- _Work item_: A complete answer lists every line of the entries below where the string "imports" appears.
-- Provided material follows --
(* Let $d\ge1$ and $0\le k\le d$, and let $W=V^{\otimes d}\otimes_{\mathbb C\mathfrak S_d}\mathbb C\mathfrak S_{d+k}\subset\overline T_d(V)$, with $\mathbb C\mathfrak S_{d+k}$ acting on $W$ by right multiplication (identified with its image in $\mathrm{End}_{\mathbb C}(W)$). Let $\mathcal A_d^k\subset\mathrm{End}_{\mathbb C}(W)$ be the linear span of all operators $L(w_d)\cdots L(w_1)L(\sigma)L(v_1^\ast)\cdots L(v_d^\ast)$ (restricted to $W$) with $w_1,\dots,w_d\in V$, $\sigma\in\mathfrak S_{d+k}$, $v_1^\ast,\dots,v_d^\ast\in V^\ast$. Then $$\mathcal A_d^k=\mathrm{End}_{\mathbb C\mathfrak S_{d+k}}(W)\qquad\text{and}\qquad \mathrm{End}_{\mathcal A_d^k}(W)=\mathbb C\mathfrak S_{d+k}.$$
   Context: Let $m,n\ge 1$ and $V=\mathbb C^{m|n}$ with standard basis $e_1,\dots,e_{m+n}$, where $|e_i|=0$ for $i\le m$ and $|e_i|=1$ for $i>m$; let $e_1^\ast,\dots,e_{m+n}^\ast$ be the dual basis with $|e_i^\ast|=|e_i|$. All vectors are homogeneous. A pure tensor $v_d\otimes\cdots\otimes v_1\in V^{\otimes d}$ is written $v_d\cdots v_1$ (factors indexed decreasingly from left to right). $\mathfrak S_d$ is the symmetric group on $\{1,\dots,d\}$, $s_i=(i\ i+1)$, $\mathfrak S_\infty=\bigcup_d\mathfrak S_d$, and for $k\ge1$ the group homomorphism $\sigma\mapsto\sigma^{\uparrow k}$ of $\mathfrak S_\infty$ is defined by $s_i^{\uparrow k}=s_{i+k}$. The right action of $\mathfrak S_d$ on $V^{\otimes d}$ is $(v_d\cdots v_1).s_i=(-1)^{|v_i||v_{i+1}|}v_d\cdots v_{i+2}v_iv_{i+1}v_{i-1}\cdots v_1$ (the factors in positions $i,i+1$ are swapped). Set $\overline T_d(V)=V^{\otimes d}\otimes_{\mathbb C\mathfrak S_d}\mathbb C\mathfrak S_\infty$ (so $\overline T_0(V)=\mathbb C\mathfrak S_\infty$) and $\overline T(V)=\bigoplus_{d\ge0}\overline T_d(V)$, with the associative product $(u_k\cdots u_1\otimes\tau)\cdot(v_d\cdots v_1\otimes\sigma)=u_k\cdots u_1v_d\cdots v_1\otimes\tau^{\uparrow d}\sigma$. For $\varphi\in\overline T(V)$, $L(\varphi)$ denotes left multiplication by $\varphi$; in particular $L(v)$ for $v\in V$ (identified with $v\otimes 1\in\overline T_1(V)$) and $L(\sigma)$ for $\sigma\in\mathfrak S_\infty$ (identified with $1\otimes\sigma\in\overline T_0(V)$). For homogeneous $v^\ast\in V^\ast$, $L(v^\ast)$ is the linear map with $L(v^\ast)=0$ on $\overline T_0(V)$ and $$L(v^\ast)(v_d\cdots v_1\otimes\sigma)=\sum_{k=1}^d(-1)^{|v^\ast|(|v_d|+\cdots+|v_{k+1}|)}\langle v^\ast,v_k\rangle\, v_d\cdots\widehat{v_k}\cdots v_1\otimes s_{d-1}s_{d-2}\cdots s_k\,\sigma,$$ where $\widehat{v_k}$ means omission and the product $s_{d-1}\cdots s_k$ is $1$ for $k=d$; $L$ is extended linearly to all of $V^\ast$. For a subset $A$ of $\mathrm{End}_{\mathbb C}(W)$, $\mathrm{End}_A(W)$ denotes its commutant. *)

theory Defs
  imports Complex_Main "HOL-Combinatorics.Permutations"
begin
(* Let $k\ge2$ be an integer, $c\in(0,1)$, and let $(M_n)_{n\ge1}$ be integers with $1\le M_n\le kn-1$ and $M_n/(kn)\to c$. Then \[ \lim_{n\to\infty} P_{n,k}(\mathcal{S}(n,k;M_n))=k\sum_{l=1}^k\binom kl\Big(\frac c{1-c}\Big)^l\sum_{s=1}^\infty\frac{(1-c)^{k(s+1)}}{k(s+1)-l}+(1-c)^k\sum_{l=1}^{k-1}\binom kl\Big(\frac c{1-c}\Big)^l. \]
   Context: Fix integers $k\ge2$, $n\ge1$. There are $kn$ items, $k$ items at each of the ranks $1,2,\dots,n$ (rank $n$ is highest). The items are revealed one at a time in a uniformly random order, i.e. the sequence of ranks is a uniformly random permutation of the multiset $\{1^k,2^k,\dots,n^k\}$; $P_{n,k}$ denotes this uniform probability. For $M\in\{1,\dots,kn-1\}$, the strategy $\mathcal{S}(n,k;M)$ lets the first $M$ items pass and then selects the first later-arriving item whose rank is greater than or equal to the highest rank among the first $M$ items (if such an item exists; otherwise nothing is selected). $P_{n,k}(\mathcal{S}(n,k;M))$ denotes the probability that this strategy selects an item of rank $n$. *)

theory Defs
  imports "HOL-Analysis.Analysis"
begin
-- Provided material concluded --
- _Output below_:
  imports Complex_Main "HOL-Combinatorics.Permutations"
  imports "HOL-Analysis.Analysis"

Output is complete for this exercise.